Take care, All and happy pigeoning.


Mike


----------



## Charis (Feb 11, 2007)

You'll be needing to post pictures of those two soon. 
I think you need to work with them a little longer...put them on your lap with a deep dish of seed and play with the seed with you fingers. Do this before you feed them the formula, when they are hungry. You'll probably make a mess with the seed but it will be worth it if they really start chowing down on their own.


----------



## maryjane (Jul 15, 2006)

Mine started refusing formula when they began eating seeds. They would get very excited when they saw the formula and eagerly stick their beak in and then pull it out and shake their heads and give me a dirty look like, _Hey, I wanted caviar._  They hit a certain stage (at about three weeks) where it is difficult to feel the seeds in the crop. Just keep an eye on their poop and keep working with them by "pecking" your finger in the seeds. Sounds like they are coming along just fine.


----------



## goulian (May 15, 2007)

Charis said:


> You'll be needing to post pictures of those two soon.
> I think you need to work with them a little longer...put them on your lap with a deep dish of seed and play with the seed with you fingers. Do this before you feed them the formula, when they are hungry. You'll probably make a mess with the seed but it will be worth it if they really start chowing down on their own.


Hi Charis,

I will do that when I get home this evening. The mess is not a problem, as all who raise pigeons know, that is part of the game. 

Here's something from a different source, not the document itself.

(* Let $K$ and $K'$ be two non-degenerate CMIs, with $\mathrm{can}(\mathrm{pur}(K))=(C,\langle\mathbb I_K,\mathbb I_K,P_i,1\le i\le t\rangle)$ and $\mathrm{can}(\mathrm{pur}(K'))=(C',\langle\mathbb I_{K'},\mathbb I_{K'},P'_j,1\le j\le s\rangle)$. (1) If $R_K^{K'}=(\cdot,\langle\ \rangle)$, then $K$ implies $K'$ if and only if $C\subseteq C'$. (2) If $R_K^{K'}\ne(\cdot,\langle\ \rangle)$, then $K$ implies $K'$ if and only if $K$ implies $R_K^{K'}$.
   Context: Setting: $X_1,\dots,X_n$ jointly distributed discrete random variables with $H(X_i)<\infty$; distribution unspecified. $X_\alpha=(X_i,i\in\alpha)$, $X_\emptyset$ constant. A CMI is $K=(C,\langle Q_1,\dots,Q_k\rangle)$, $k\ge0$, $C\subseteq\{1,\dots,n\}$, $\langle\cdot\rangle$ an unordered multiset of subsets; valid (for a given distribution) if $\sum_iH(X_{Q_i}|X_C)-H(X_{Q_1},\dots,X_{Q_k}|X_C)=0$. Empty members may be deleted. Degenerate = valid for every distribution, written $(\cdot,\langle\ \rangle)$. "$K$ implies $K'$": for every joint distribution, if $K$ is valid then $K'$ is valid. $\mathrm{pur}(K)=(C,\langle Q_i\setminus C:Q_i\setminus C\ne\emptyset\rangle)$. For pure $K$: $\mathbb I_K$ = indices lying in at least two members of the collection if $k\ge2$, else $\emptyset$; $P_1,\dots,P_t$ the nonempty sets among $Q_i\setminus\mathbb I_K$; $\mathrm{can}(K)=(\cdot,\langle\ \rangle)$ if $k\le1$, $(C,\langle\mathbb I_K,\mathbb I_K\rangle)$ if $k\ge2,\mathbb I_K\ne\emptyset,t\le1$, $(C,\langle P_1..P_t\rangle)$ if $k\ge2,\mathbb I_K=\emptyset$, $(C,\langle\mathbb I_K,\mathbb I_K,P_1..P_t\rangle)$ if $k\ge2,\mathbb I_K\ne\emptyset,t\ge2$. For general $K$, $\mathbb I_K$ is the repeated-index set of $\mathrm{pur}(K)$; general-form notation omits copies of $\mathbb I_K$ when empty and uses $t=0$ for $(C,\langle\mathbb I_K,\mathbb I_K\rangle)$. $R_K^{K'}$: with $D=\mathbb I_{K'}\setminus\mathbb I_K$ and $T_1,\dots,T_u$ the nonempty sets among $P'_j\setminus\mathbb I_K$: $R_K^{K'}=(\cdot,\langle\ \rangle)$ if $D=\emptyset,u\le1$; $(C'\setminus\mathbb I_K,\langle T_1..T_u\rangle)$ if $D=\emptyset,u\ge2$; $(C'\setminus\mathbb I_K,\langle D,D\rangle)$ if $D\ne\emptyset,u\le1$; $(C'\setminus\mathbb I_K,\langle D,D,T_1..T_u\rangle)$ if $D\ne\emptyset,u\ge2$. *)

theory Defs
  imports "HOL-Probability.Probability"
begin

I have pictures of them at this link. The last photo is a couple of days ago, but new ones are expected soon. Take a look if interested.

Thanks for your response, Charis.

http://picasaweb.google.com/goulian01/MyPigeonExperiment


Talk to you later.




maryjane said:


> Mine started refusing formula when they began eating seeds. They would get very excited when they saw the formula and eagerly stick their beak in and then pull it out and shake their heads and give me a dirty look like, _Hey, I wanted caviar._  They hit a certain stage (at about three weeks) where it is difficult to feel the seeds in the crop. Just keep an eye on their poop and keep working with them by "pecking" your finger in the seeds. Sounds like they are coming along just fine.


Hi maryjane,

That is great to know. I was a bit worried as I have never had a baby pigeon that I had to feed formula to, so I had no gauge to know how it goes. My babies do exactly as you describe. Thier poops are perfect, as it goes. Small but mighty plentiful. 

Thanks for your response, maryjane


Mike


----------



## Skyeking (Jan 17, 2003)

If they were weaning around the parents and watching them eat, they would have learned quickly by example. Also, dad takes over the feeding process at 16 days of age and mom gets back to nesting, so the kids don't get full attention anymore. It is harder to wean a pet pigeon because they enjoy the handfeeding and we have a tendency to want to do for them and spoil them.

Also, if they are about full grown they will only need about a tablespoon of seed about 4 to 5 times a day. Their intake has become less because they no longer need a huge amount to grow on (for rapid cell division)-as well as to nourish, but now only need enough to nourish them.

Once you see them picking up and swallowing seeds as quickly as their feral relatives they will be weaned.


----------



## amoonswirl (Nov 14, 2006)

I've been following the threads about your pet pigeon project & am very impressed with your thorough follow-through in every aspect. You're obviously very patient and kind.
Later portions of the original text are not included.